As shown in FIG. 6A, the multi-domain layout generation system 106 provides the embeddings 608 generated by the encoder 606 to a condition processing block 610. As further shown, the multi-domain layout generation system 106 also provides an image domain noise input 612 and a vector domain noise input 614 to the condition processing block 610. For instance, in some cases, the multi-domain layout generation system 106 concatenates the embeddings 608, the image domain noise input 612, and the vector domain noise input 614, and provides the concatenated result to the condition processing block 610. In some cases, the multi-domain layout generation system 106 performs an element-wise concatenation.
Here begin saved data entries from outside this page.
(* (i) For any $u,v\in\mathcal{L}PSH^*(\mathbb{C}^n)$, \[ c_\infty(u+v)\le c_\infty(\max\{u,v\})\le\min\{c_\infty(u),c_\infty(v)\}. \] (ii) If $u\in\mathcal{L}PSH(\mathbb{C}^n)$ and $v\in\mathcal{L}PSH^*(\mathbb{C}^n)$ satisfy $\limsup_{|z|\to\infty}\frac{u(z)}{v(z)}\le\sigma<\infty$, then $c_\infty(u)\ge\sigma^{-1}c_\infty(v)$.
   Context: $\mathcal{L}PSH(\mathbb{C}^n)$: plurisubharmonic $u$ on $\mathbb{C}^n$ with $\limsup_{|z|\to\infty}u(z)/\log|z|<\infty$; $\mathcal{L}PSH^*(\mathbb{C}^n)$: those with $u(z)\to+\infty$ as $|z|\to\infty$. $g\in L^2(\infty)$ means $\int_{\mathbb{C}^n\setminus K}|g|^2d\lambda<\infty$ for some compact $K$; $c_\infty(u)=\inf\{c>0:e^{-cu}\in L^2(\infty)\}$ (with $\inf\emptyset=+\infty$). *)

theory Defs
  imports "HOL-Analysis.Analysis"
begin

text \<open>Points of C^n are vectors of type complex ^ 'n (n = CARD('n)); functions take
values in the extended reals (plurisubharmonic functions take values in [-oo, oo)).\<close>

text \<open>Mean value of an ereal function w over the circle theta in [0, 2 pi] -> a + e^{i theta} b,
i.e. the Lebesgue integral of a function bounded above by M (the Sup on the circle),
written out as M - (1/2pi) * integral of the nonnegative function M - w.\<close>
definition circle_mean :: "('a::real_normed_vector \<Rightarrow> ereal) \<Rightarrow> (real \<Rightarrow> 'a) \<Rightarrow> ereal" where
  "circle_mean w \<gamma> =
     (let M = (SUP t\<in>{0..2*pi}. w (\<gamma> t)) in
      M - ereal (1 / (2*pi)) *
        enn2ereal (\<integral>\<^sup>+ t. indicator {0..2*pi} t * e2ennreal (M - w (\<gamma> t)) \<partial>lborel))"

definition psh :: "(complex ^ 'n \<Rightarrow> ereal) \<Rightarrow> bool" where
  "psh u \<longleftrightarrow>
     (\<forall>z. u z \<noteq> \<infinity>) \<and>
     (\<exists>z. u z \<noteq> -\<infinity>) \<and>
     (\<forall>t. open {z. u z < t}) \<and>
     (\<forall>a b. u a \<le> circle_mean u (\<lambda>\<theta>. a + cis \<theta> *s b))"

definition LPSH :: "(complex ^ 'n \<Rightarrow> ereal) set" where
  "LPSH = {u. psh u \<and> Limsup at_infinity (\<lambda>z. u z / ereal (ln (norm z))) < \<infinity>}"

definition LPSH_star :: "(complex ^ 'n \<Rightarrow> ereal) set" where
  "LPSH_star = {u. u \<in> LPSH \<and> (u \<longlongrightarrow> \<infinity>) at_infinity}"

definition exp_neg :: "real \<Rightarrow> ereal \<Rightarrow> ennreal" where
  "exp_neg c x = (case x of ereal r \<Rightarrow> ennreal (exp (- c * r)) | PInfty \<Rightarrow> 0 | MInfty \<Rightarrow> \<infinity>)"

definition L2_infty :: "(complex ^ 'n \<Rightarrow> ennreal) \<Rightarrow> bool" where
  "L2_infty g \<longleftrightarrow> (\<exists>K. compact K \<and>
      (\<integral>\<^sup>+ z. indicator (- K) z * (g z)^2 \<partial>lborel) < \<infinity>)"

definition c_infty :: "(complex ^ 'n \<Rightarrow> ereal) \<Rightarrow> ereal" where
  "c_infty u = Inf {ereal c | c. c > 0 \<and> L2_infty (\<lambda>z. exp_neg c (u z))}"

end

theory Submission
  imports Defs
begin

text \<open>Since \<open>e^(-c (s v)) = e^(-(c s) v)\<close>, an inequality \<open>u \<le> s v\<close> near infinity turns every
admissible exponent \<open>c\<close> of \<open>u\<close> into the admissible exponent \<open>c s\<close> of \<open>v\<close>, whence
\<open>c_infty u \<ge> c_infty v / s\<close>; for \<open>s = 1\<close> this says that \<open>c_infty\<close> is antitone for the
pointwise order near infinity. In (i) both functions are positive near infinity, so there
\<open>u, v \<le> max u v \<le> u + v\<close>. In (ii), \<open>u \<le> (\<sigma> + \<epsilon>) v\<close> near infinity for every \<open>\<epsilon> > 0\<close>,
and one lets \<open>\<epsilon>\<close> tend to \<open>0\<close>.\<close>

lemma max_le_add_ereal:
  fixes a b :: ereal
  shows "0 \<le> a \<Longrightarrow> 0 \<le> b \<Longrightarrow> max a b \<le> a + b"
  by (cases a; cases b) auto

lemma ereal_le_mult_of_divide_less:
  fixes x y :: ereal
  assumes "0 < y" "y \<noteq> \<infinity>" "x / y < ereal s"
  shows "x \<le> ereal s * y"
  using assms by (simp add: ereal_divide_less_iff mult.commute)

lemma ereal_scaled_le_of_forall_greater:
  fixes x w :: ereal
  assumes "0 \<le> x" "0 < \<sigma>" and le: "\<And>s. \<sigma> < s \<Longrightarrow> ereal (1 / s) * x \<le> w"
  shows "ereal (1 / \<sigma>) * x \<le> w"
proof (cases x)
  case (real a)
  have "((\<lambda>s. ereal (1 / s) * x) \<longlongrightarrow> ereal (1 / \<sigma>) * x) (at_right \<sigma>)"
    unfolding real times_ereal.simps using \<open>0 < \<sigma>\<close>
    by (intro tendsto_ereal tendsto_intros) auto
  moreover have "eventually (\<lambda>s. ereal (1 / s) * x \<le> w) (at_right \<sigma>)"
    using eventually_at_right_less by (rule eventually_mono) (rule le)
  ultimately show ?thesis
    by (rule tendsto_upperbound) simp
next
  case PInf
  then show ?thesis using le[of "\<sigma> + 1"] \<open>0 < \<sigma>\<close> by simp
qed (use \<open>0 \<le> x\<close> in simp)

lemma exp_neg_antimono:
  assumes "0 \<le> c" "x \<le> y"
  shows "exp_neg c y \<le> exp_neg c x"
  using assms
  by (cases x; cases y) (auto simp: exp_neg_def intro!: ennreal_leI mult_left_mono)

lemma exp_neg_ereal_mult:
  assumes "0 < s"
  shows "exp_neg c (ereal s * y) = exp_neg (c * s) y"
  using assms by (cases y) (simp_all add: exp_neg_def mult.assoc)

lemma L2_infty_eventually_mono:
  fixes g h :: "complex ^ 'n \<Rightarrow> ennreal"
  assumes le: "eventually (\<lambda>z. g z \<le> h z) at_infinity" and h: "L2_infty h"
  shows "L2_infty g"
proof -
  obtain R where R: "\<And>z. R \<le> norm z \<Longrightarrow> g z \<le> h z"
    using le unfolding eventually_at_infinity by blast
  obtain K where K: "compact K" "(\<integral>\<^sup>+ z. indicator (- K) z * (h z)^2 \<partial>lborel) < \<infinity>"
    using h unfolding L2_infty_def by blast
  let ?K = "K \<union> cball 0 R"
  have "(\<integral>\<^sup>+ z. indicator (- ?K) z * (g z)^2 \<partial>lborel)
      \<le> (\<integral>\<^sup>+ z. indicator (- K) z * (h z)^2 \<partial>lborel)"
  proof (rule nn_integral_mono)
    fix z :: "complex ^ 'n"
    show "indicator (- ?K) z * (g z)^2 \<le> indicator (- K) z * (h z)^2"
    proof (cases "z \<in> ?K")
      case False
      then have "(g z)^2 \<le> (h z)^2" using R by (intro power_mono) auto
      then show ?thesis using False by (auto simp: indicator_def)
    qed (auto simp: indicator_def)
  qed
  moreover have "compact ?K" using K(1) by auto
  ultimately show ?thesis using K(2) unfolding L2_infty_def
    by (meson order.strict_trans1)
qed

lemma c_infty_nonneg: "0 \<le> c_infty u"
  unfolding c_infty_def by (rule Inf_greatest) auto

lemma c_infty_eventually_le_mult:
  fixes u v :: "complex ^ 'n \<Rightarrow> ereal"
  assumes le: "eventually (\<lambda>z. u z \<le> ereal s * v z) at_infinity" and "0 < s"
  shows "ereal (1 / s) * c_infty v \<le> c_infty u"
  unfolding c_infty_def[of u]
proof (rule Inf_greatest, safe)
  fix c :: real
  assume c: "0 < c" "L2_infty (\<lambda>z. exp_neg c (u z))"
  have "eventually (\<lambda>z. exp_neg (c * s) (v z) \<le> exp_neg c (u z)) at_infinity"
    using le by eventually_elim
      (use c(1) \<open>0 < s\<close> in \<open>auto simp flip: exp_neg_ereal_mult intro: exp_neg_antimono\<close>)
  then have "L2_infty (\<lambda>z. exp_neg (c * s) (v z))"
    using c(2) by (rule L2_infty_eventually_mono)
  then have "c_infty v \<le> ereal (c * s)"
    unfolding c_infty_def using c(1) \<open>0 < s\<close> by (intro Inf_lower) auto
  then have "ereal (1 / s) * c_infty v \<le> ereal (1 / s) * ereal (c * s)"
    using \<open>0 < s\<close> by (intro ereal_mult_left_mono) auto
  then show "ereal (1 / s) * c_infty v \<le> ereal c"
    using \<open>0 < s\<close> by simp
qed

corollary c_infty_eventually_antimono:
  fixes u v :: "complex ^ 'n \<Rightarrow> ereal"
  assumes "eventually (\<lambda>z. v z \<le> u z) at_infinity"
  shows "c_infty u \<le> c_infty v"
  using c_infty_eventually_le_mult[of v 1 u] assms by simp

lemma LPSH_star_eventually_pos:
  "v \<in> LPSH_star \<Longrightarrow> eventually (\<lambda>z. 0 < v z) at_infinity"
  unfolding LPSH_star_def tendsto_PInfty by (metis (mono_tags) mem_Collect_eq zero_ereal_def)

lemma c_infty_ge_of_Limsup_divide_le:
  fixes u v :: "complex ^ 'n \<Rightarrow> ereal"
  assumes v: "v \<in> LPSH_star" and "0 < \<sigma>"
    and lim: "Limsup at_infinity (\<lambda>z. u z / v z) \<le> ereal \<sigma>"
  shows "ereal (1 / \<sigma>) * c_infty v \<le> c_infty u"
proof (rule ereal_scaled_le_of_forall_greater[OF c_infty_nonneg \<open>0 < \<sigma>\<close>])
  fix s assume "\<sigma> < s"
  have finite: "v z \<noteq> \<infinity>" for z
    using v by (simp add: LPSH_star_def LPSH_def psh_def)
  have "eventually (\<lambda>z. u z / v z < ereal s) at_infinity"
    using \<open>\<sigma> < s\<close> by (intro Limsup_lessD le_less_trans[OF lim]) simp
  then have "eventually (\<lambda>z. u z \<le> ereal s * v z) at_infinity"
    using LPSH_star_eventually_pos[OF v]
    by eventually_elim (use finite in \<open>auto intro: ereal_le_mult_of_divide_less\<close>)
  then show "ereal (1 / s) * c_infty v \<le> c_infty u"
    using \<open>0 < \<sigma>\<close> \<open>\<sigma> < s\<close> by (intro c_infty_eventually_le_mult) auto
qed

theorem proposition5p1:
  shows "(\<forall>(u::complex^'n \<Rightarrow> ereal) v. u \<in> LPSH_star \<and> v \<in> LPSH_star \<longrightarrow>
           c_infty (\<lambda>z. u z + v z) \<le> c_infty (\<lambda>z. max (u z) (v z)) \<and>
           c_infty (\<lambda>z. max (u z) (v z)) \<le> min (c_infty u) (c_infty v))
       \<and> (\<forall>(u::complex^'n \<Rightarrow> ereal) v (\<sigma>::real).
           u \<in> LPSH \<and> v \<in> LPSH_star \<and> 0 < \<sigma> \<and>
           Limsup at_infinity (\<lambda>z. u z / v z) \<le> ereal \<sigma> \<longrightarrow>
           c_infty u \<ge> ereal (1 / \<sigma>) * c_infty v)"
proof (intro conjI allI impI; elim conjE)
  fix u v :: "complex ^ 'n \<Rightarrow> ereal"
  assume "u \<in> LPSH_star" "v \<in> LPSH_star"
  then have "eventually (\<lambda>z. max (u z) (v z) \<le> u z + v z) at_infinity"
    by (rule eventually_elim2[OF LPSH_star_eventually_pos LPSH_star_eventually_pos])
      (intro max_le_add_ereal less_imp_le)
  then show "c_infty (\<lambda>z. u z + v z) \<le> c_infty (\<lambda>z. max (u z) (v z))"
    by (rule c_infty_eventually_antimono)
  show "c_infty (\<lambda>z. max (u z) (v z)) \<le> min (c_infty u) (c_infty v)"
    by (simp add: c_infty_eventually_antimono)
next
  fix u v :: "complex ^ 'n \<Rightarrow> ereal" and \<sigma> :: real
  assume "v \<in> LPSH_star" "0 < \<sigma>" "Limsup at_infinity (\<lambda>z. u z / v z) \<le> ereal \<sigma>"
  then show "ereal (1 / \<sigma>) * c_infty v \<le> c_infty u"
    by (rule c_infty_ge_of_Limsup_divide_le)
qed

end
For example, in some implementations, the multi-domain layout generation system 106 concatenates an embedding generated for an image element with a vector domain noise input (e.g., noisy coordinates) for the image element and an image domain noise input (e.g., a noisy image patch) for the image element.

In one or more embodiments, the multi-domain layout generation system 106 uses a transformer neural network as the condition processing block 610. As illustrated, the multi-domain layout generation system 106 uses the condition processing block 610 to generate diffusion conditions 616 from the embeddings 608, the image domain noise input 612, and the vector domain noise input 614.

In one or more embodiments, a diffusion condition includes a value or set of values that provide guidance for one or more diffusion processes. For instance, in some cases, a diffusion condition includes a value or set of values that constrain or direct the output of a diffusion process or otherwise indicate a target for the content of the output of the diffusion process. To illustrate, in some embodiments, a diffusion condition includes a value or set of values generated from one or more conditioning inputs (e.g., embeddings of image elements, image domain noise input, and/or vector domain noise input), the value(s) directing a neural network implementing a diffusion process to generate one or more outputs based on the information provided by the conditioning input(s) (e.g., the content of the conditioning input(s)). In some implementations, a diffusion condition is represented as one or more feature maps. In some cases, a diffusion condition includes a spatial condition and/or a global condition.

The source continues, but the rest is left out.